### What you will do:
State how many lines of the records contain the string "metis", and give no other information.

### Given records:
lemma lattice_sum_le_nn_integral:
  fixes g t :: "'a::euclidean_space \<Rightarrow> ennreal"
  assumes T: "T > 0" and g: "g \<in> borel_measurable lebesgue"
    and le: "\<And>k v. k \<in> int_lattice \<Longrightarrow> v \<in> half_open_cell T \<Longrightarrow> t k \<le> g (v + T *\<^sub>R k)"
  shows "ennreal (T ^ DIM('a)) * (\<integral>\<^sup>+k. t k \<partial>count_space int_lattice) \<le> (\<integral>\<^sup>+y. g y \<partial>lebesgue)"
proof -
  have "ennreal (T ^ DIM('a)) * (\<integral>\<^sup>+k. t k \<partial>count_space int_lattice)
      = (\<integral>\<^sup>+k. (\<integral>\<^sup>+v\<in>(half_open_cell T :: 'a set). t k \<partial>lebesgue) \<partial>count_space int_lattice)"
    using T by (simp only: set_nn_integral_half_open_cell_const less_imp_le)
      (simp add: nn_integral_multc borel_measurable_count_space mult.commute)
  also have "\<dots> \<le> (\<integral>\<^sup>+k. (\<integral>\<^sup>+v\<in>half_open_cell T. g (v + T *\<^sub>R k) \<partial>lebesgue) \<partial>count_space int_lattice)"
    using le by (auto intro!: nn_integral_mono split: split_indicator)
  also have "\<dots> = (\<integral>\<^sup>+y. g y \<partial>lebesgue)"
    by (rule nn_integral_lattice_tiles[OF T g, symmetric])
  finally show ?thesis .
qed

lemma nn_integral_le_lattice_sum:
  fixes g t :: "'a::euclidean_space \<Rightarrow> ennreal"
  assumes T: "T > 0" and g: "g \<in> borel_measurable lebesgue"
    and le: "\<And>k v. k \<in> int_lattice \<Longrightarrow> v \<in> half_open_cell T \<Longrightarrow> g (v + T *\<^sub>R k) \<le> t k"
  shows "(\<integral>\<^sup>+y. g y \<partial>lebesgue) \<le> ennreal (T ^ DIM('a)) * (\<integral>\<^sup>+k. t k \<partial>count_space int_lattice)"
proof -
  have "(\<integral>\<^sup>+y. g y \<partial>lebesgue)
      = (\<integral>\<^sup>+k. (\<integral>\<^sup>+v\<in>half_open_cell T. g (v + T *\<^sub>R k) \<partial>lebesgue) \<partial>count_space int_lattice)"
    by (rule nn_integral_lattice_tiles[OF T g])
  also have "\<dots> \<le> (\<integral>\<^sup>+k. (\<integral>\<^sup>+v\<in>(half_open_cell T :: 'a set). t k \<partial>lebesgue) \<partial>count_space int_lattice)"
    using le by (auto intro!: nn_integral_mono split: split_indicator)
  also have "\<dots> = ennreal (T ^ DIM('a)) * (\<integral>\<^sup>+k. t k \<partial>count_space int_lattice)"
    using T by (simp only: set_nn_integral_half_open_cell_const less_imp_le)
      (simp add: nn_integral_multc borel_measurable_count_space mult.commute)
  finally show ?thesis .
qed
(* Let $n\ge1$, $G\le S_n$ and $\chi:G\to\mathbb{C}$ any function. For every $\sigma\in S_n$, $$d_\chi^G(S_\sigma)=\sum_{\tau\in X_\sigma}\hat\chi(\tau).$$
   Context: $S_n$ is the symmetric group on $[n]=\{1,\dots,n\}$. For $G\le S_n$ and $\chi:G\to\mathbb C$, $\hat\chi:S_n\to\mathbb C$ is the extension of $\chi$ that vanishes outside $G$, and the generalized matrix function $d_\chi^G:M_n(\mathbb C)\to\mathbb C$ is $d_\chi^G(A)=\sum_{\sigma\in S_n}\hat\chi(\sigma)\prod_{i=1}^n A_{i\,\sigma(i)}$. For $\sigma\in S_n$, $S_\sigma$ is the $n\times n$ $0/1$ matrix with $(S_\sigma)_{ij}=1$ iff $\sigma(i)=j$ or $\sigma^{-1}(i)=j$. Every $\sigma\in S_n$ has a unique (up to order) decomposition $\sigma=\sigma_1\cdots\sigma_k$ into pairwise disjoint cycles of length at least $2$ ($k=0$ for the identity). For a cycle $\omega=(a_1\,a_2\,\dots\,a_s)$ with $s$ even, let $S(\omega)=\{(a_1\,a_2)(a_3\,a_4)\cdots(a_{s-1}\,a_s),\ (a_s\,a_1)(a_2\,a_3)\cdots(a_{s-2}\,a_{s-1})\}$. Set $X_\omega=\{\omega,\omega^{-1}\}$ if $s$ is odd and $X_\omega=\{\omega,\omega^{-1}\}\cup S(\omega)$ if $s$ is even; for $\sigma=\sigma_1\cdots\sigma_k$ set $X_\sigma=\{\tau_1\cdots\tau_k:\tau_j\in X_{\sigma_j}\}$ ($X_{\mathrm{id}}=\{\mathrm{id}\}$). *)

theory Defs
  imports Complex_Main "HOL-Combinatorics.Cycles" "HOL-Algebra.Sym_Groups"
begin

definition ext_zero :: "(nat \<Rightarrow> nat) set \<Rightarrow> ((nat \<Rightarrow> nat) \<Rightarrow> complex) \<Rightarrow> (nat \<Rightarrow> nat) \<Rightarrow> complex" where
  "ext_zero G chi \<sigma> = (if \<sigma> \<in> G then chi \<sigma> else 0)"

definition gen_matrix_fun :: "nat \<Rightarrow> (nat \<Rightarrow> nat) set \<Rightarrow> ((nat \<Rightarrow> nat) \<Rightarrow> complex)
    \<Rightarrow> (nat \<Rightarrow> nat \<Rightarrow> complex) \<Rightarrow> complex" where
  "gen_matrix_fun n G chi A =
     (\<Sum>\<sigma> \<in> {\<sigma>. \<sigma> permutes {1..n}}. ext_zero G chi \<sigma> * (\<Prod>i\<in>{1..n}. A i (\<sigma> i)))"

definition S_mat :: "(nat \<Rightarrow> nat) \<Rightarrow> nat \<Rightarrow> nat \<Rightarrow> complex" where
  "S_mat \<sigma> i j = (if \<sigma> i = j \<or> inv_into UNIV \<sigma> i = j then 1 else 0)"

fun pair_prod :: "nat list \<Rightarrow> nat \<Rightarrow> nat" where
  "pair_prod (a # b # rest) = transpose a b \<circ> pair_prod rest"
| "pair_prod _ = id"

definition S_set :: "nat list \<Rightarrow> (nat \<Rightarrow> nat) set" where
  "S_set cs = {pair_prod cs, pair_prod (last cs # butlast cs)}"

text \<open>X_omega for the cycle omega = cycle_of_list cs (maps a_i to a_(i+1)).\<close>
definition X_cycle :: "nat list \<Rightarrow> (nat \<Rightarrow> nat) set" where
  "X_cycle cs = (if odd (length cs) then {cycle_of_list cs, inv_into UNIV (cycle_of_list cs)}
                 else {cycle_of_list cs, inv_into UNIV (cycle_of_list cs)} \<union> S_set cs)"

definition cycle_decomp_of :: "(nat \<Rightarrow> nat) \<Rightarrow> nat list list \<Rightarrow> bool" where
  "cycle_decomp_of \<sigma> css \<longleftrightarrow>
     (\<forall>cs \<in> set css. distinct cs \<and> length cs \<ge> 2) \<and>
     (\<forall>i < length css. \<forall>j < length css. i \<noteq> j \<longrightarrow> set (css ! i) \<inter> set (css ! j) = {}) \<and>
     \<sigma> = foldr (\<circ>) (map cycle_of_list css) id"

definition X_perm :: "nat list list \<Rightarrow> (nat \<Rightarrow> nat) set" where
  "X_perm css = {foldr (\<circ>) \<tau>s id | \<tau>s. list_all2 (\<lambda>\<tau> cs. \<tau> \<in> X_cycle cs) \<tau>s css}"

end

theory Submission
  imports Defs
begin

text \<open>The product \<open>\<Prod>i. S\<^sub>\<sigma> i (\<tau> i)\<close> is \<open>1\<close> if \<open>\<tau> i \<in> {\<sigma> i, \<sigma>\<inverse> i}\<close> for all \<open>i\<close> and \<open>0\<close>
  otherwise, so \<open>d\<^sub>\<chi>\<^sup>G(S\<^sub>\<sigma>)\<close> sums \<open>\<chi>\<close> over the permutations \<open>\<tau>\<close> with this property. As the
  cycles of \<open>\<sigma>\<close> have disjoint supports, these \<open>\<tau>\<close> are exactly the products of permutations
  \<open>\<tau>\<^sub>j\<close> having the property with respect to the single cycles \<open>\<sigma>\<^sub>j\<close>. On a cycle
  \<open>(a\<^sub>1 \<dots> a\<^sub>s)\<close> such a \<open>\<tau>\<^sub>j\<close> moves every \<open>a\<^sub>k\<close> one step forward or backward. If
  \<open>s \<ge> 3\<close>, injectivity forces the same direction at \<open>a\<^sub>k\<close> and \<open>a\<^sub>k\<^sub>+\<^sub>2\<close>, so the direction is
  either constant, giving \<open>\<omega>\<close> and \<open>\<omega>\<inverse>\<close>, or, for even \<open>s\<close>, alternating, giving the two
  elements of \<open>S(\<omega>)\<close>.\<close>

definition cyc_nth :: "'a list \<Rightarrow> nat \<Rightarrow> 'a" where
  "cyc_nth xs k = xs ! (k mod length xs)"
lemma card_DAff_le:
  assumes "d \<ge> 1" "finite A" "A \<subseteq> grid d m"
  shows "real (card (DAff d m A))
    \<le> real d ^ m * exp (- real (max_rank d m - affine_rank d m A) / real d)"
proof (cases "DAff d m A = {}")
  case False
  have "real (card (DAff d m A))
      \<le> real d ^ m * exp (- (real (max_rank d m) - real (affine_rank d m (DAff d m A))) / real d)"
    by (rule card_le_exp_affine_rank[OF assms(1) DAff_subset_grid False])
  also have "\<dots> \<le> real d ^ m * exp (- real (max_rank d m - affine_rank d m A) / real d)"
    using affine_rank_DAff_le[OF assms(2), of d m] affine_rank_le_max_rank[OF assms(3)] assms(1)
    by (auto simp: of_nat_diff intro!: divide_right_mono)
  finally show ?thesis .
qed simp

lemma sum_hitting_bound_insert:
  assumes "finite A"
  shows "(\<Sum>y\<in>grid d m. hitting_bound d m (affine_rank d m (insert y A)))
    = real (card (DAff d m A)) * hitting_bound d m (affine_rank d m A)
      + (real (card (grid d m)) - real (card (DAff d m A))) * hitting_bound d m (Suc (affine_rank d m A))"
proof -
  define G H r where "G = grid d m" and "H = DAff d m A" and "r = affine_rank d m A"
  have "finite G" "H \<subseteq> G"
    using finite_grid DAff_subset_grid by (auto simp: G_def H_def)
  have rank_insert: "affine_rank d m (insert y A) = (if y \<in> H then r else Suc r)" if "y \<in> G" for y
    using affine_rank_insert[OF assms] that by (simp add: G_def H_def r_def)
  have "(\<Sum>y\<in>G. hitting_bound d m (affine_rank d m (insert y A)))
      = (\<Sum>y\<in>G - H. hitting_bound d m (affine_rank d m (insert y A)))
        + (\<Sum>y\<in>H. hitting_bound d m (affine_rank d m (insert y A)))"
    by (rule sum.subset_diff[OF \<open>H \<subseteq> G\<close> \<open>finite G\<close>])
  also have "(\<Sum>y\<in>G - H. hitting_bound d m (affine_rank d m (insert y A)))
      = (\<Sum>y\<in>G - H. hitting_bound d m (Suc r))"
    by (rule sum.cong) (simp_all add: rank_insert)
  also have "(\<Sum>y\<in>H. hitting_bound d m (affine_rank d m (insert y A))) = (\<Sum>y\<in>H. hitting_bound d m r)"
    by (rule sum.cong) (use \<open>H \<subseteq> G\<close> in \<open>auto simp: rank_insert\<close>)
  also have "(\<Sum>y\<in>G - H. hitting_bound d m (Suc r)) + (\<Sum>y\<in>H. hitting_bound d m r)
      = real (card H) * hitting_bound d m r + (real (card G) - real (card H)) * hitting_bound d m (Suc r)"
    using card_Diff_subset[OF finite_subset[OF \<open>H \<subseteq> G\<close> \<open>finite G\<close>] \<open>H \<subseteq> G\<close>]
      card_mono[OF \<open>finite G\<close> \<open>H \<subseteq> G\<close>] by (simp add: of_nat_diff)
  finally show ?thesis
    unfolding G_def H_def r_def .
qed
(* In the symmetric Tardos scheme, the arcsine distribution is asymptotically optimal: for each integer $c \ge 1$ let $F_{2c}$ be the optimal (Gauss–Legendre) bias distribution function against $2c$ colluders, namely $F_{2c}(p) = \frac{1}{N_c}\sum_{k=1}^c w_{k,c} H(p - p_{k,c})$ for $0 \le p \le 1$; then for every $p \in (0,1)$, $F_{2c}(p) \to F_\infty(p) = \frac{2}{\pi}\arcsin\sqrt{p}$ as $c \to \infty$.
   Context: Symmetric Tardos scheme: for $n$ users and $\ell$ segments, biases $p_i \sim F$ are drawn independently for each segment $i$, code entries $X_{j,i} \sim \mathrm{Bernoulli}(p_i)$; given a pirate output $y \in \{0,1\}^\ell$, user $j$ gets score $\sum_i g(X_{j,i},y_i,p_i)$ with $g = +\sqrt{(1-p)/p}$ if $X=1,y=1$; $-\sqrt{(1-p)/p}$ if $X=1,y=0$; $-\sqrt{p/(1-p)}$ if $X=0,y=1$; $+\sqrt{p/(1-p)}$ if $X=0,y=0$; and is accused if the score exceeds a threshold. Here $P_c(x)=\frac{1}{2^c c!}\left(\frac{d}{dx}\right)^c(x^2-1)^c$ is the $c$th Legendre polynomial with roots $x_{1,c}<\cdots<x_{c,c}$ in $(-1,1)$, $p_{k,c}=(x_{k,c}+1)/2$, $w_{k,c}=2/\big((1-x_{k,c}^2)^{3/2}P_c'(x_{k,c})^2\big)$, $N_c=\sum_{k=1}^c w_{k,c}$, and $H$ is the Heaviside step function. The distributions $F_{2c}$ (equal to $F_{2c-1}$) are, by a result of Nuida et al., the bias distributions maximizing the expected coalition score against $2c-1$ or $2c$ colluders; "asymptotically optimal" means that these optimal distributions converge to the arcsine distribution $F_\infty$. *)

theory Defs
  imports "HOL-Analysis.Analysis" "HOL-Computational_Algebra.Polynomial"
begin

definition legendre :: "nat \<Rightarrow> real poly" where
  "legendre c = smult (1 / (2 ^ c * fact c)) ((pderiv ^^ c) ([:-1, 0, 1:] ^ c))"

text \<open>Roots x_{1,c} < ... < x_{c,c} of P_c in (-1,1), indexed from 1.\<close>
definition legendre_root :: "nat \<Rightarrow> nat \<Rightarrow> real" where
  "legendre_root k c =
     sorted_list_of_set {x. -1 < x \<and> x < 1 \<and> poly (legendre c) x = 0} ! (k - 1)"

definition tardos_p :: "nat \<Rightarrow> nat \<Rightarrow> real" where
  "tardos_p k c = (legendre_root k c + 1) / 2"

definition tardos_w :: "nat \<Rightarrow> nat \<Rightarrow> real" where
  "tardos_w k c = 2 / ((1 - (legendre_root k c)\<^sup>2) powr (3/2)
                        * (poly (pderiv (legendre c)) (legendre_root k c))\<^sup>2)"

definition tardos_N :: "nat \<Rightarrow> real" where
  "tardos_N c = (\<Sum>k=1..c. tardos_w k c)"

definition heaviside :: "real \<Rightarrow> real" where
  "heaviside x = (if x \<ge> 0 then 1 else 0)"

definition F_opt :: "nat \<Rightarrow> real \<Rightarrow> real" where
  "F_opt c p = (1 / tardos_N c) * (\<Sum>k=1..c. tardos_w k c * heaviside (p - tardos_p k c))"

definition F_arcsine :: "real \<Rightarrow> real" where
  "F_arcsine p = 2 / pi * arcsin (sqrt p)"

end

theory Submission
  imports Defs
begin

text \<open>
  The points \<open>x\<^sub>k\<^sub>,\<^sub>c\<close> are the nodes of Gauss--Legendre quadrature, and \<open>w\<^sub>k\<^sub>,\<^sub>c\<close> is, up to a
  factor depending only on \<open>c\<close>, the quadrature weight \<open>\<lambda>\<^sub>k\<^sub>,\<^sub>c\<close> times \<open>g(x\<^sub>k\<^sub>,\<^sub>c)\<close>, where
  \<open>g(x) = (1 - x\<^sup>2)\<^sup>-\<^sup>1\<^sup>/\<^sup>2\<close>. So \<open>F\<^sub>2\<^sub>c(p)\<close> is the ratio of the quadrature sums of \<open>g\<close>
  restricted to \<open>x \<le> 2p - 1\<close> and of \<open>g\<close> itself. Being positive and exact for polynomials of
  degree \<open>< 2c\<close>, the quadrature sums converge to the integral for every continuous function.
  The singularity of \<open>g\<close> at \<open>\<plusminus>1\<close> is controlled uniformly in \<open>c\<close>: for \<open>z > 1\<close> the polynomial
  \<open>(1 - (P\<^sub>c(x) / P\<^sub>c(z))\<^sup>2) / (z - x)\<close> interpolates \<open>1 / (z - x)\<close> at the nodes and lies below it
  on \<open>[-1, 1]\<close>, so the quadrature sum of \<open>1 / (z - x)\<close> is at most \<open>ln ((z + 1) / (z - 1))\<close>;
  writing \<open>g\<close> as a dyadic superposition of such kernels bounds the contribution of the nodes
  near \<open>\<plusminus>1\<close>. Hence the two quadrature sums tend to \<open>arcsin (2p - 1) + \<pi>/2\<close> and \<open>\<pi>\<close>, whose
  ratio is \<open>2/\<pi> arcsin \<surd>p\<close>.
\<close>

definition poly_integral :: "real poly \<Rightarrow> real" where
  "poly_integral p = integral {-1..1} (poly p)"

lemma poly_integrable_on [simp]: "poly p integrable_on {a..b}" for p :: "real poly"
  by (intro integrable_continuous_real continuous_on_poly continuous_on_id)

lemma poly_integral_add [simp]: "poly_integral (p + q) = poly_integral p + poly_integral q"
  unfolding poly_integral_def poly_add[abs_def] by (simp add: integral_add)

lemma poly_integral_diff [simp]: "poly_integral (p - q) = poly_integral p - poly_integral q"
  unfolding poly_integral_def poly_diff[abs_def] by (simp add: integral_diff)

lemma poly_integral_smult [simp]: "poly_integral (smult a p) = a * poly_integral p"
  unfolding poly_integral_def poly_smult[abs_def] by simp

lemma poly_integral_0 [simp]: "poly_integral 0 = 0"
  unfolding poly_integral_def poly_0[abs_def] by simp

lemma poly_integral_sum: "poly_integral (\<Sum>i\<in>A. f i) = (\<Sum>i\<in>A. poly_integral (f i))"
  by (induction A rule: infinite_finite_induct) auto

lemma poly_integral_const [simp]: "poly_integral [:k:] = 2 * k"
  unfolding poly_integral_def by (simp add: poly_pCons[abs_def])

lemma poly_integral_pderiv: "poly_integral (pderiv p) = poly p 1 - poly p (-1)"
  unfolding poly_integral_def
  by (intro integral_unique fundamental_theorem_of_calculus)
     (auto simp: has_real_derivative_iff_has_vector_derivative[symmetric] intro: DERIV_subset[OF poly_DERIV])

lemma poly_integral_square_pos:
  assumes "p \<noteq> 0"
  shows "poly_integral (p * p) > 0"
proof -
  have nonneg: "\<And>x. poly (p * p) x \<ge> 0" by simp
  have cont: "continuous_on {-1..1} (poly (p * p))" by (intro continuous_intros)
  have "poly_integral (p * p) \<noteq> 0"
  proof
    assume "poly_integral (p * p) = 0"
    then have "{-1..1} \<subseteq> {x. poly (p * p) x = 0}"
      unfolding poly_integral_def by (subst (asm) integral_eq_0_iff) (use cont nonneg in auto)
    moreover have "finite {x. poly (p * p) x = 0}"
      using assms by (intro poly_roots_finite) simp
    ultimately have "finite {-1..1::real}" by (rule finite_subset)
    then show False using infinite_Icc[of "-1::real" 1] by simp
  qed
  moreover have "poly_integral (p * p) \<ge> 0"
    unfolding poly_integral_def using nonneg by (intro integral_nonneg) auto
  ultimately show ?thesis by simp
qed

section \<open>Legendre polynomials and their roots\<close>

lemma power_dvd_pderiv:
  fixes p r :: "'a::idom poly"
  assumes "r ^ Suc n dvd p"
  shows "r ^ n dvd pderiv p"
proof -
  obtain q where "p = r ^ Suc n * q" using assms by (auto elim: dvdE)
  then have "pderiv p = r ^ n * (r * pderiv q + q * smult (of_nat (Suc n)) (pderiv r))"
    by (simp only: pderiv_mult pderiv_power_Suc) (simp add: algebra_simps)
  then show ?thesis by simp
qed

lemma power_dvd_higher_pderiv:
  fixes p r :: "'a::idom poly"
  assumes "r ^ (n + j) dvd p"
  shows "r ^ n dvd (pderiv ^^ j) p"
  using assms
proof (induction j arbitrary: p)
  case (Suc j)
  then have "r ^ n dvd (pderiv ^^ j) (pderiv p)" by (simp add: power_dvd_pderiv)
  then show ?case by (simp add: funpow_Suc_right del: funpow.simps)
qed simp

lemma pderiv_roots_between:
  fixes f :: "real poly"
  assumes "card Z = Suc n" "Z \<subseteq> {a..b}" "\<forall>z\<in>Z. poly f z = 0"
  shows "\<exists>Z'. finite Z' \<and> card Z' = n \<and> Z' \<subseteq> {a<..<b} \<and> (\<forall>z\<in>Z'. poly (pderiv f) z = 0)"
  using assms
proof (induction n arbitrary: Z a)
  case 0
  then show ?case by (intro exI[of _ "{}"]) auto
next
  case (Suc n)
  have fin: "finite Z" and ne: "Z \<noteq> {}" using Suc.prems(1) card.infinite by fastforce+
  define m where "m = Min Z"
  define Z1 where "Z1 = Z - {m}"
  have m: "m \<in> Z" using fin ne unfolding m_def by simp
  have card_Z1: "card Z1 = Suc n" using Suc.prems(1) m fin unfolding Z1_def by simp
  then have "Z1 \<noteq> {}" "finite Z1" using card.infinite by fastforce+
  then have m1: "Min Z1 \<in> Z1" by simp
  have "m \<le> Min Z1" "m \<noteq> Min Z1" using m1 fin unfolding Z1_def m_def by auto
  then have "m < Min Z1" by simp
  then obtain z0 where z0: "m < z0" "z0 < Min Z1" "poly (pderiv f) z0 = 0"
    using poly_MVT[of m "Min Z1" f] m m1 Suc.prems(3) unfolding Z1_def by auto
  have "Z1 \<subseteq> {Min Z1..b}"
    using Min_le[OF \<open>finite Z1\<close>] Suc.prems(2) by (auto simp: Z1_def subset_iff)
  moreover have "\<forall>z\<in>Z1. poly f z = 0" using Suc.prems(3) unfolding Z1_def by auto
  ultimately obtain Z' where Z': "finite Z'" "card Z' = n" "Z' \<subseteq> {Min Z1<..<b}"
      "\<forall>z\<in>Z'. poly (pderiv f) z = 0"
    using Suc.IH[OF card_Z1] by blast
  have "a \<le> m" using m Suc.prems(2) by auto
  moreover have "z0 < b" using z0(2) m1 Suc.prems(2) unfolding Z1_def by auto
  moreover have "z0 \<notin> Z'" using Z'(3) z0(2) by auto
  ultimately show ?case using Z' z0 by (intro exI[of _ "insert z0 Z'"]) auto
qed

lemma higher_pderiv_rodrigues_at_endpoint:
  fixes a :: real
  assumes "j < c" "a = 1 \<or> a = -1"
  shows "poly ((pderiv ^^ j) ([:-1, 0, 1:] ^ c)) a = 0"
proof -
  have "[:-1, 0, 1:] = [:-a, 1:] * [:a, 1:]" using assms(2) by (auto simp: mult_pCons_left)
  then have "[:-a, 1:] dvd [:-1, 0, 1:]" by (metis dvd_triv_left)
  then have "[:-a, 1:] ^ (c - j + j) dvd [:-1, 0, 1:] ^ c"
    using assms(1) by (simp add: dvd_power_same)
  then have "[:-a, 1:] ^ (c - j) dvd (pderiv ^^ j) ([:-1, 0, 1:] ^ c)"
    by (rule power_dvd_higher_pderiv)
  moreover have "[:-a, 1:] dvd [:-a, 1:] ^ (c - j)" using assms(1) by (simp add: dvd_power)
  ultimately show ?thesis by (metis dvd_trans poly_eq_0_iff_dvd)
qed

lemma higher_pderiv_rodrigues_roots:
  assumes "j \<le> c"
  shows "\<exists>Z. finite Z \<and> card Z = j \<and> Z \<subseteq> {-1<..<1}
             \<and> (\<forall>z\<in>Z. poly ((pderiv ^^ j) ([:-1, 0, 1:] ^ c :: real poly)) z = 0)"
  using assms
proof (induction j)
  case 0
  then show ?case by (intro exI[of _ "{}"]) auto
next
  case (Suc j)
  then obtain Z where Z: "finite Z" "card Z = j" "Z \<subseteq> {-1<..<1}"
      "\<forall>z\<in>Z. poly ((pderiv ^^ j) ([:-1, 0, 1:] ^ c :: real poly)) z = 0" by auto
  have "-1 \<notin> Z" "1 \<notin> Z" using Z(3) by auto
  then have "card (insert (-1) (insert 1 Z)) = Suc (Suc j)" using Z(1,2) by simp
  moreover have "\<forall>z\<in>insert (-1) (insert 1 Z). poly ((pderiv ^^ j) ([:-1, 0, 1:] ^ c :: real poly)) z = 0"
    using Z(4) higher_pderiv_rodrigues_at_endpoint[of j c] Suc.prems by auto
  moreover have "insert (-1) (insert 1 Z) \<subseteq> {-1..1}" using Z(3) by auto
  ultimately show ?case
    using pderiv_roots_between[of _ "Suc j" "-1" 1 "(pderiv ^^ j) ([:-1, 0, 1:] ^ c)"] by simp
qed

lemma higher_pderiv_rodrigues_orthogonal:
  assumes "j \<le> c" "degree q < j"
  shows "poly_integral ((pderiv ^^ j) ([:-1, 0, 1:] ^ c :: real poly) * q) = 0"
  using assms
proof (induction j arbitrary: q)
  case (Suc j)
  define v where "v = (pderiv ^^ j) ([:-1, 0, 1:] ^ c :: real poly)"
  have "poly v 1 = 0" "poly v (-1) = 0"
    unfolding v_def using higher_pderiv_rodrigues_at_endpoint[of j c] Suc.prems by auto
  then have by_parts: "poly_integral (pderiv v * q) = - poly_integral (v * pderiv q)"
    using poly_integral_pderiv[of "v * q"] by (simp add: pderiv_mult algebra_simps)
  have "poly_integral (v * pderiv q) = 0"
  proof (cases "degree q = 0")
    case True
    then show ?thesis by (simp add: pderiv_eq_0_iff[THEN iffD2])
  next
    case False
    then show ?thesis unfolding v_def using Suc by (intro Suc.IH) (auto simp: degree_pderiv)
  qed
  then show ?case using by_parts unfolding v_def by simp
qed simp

### Exercise response:
2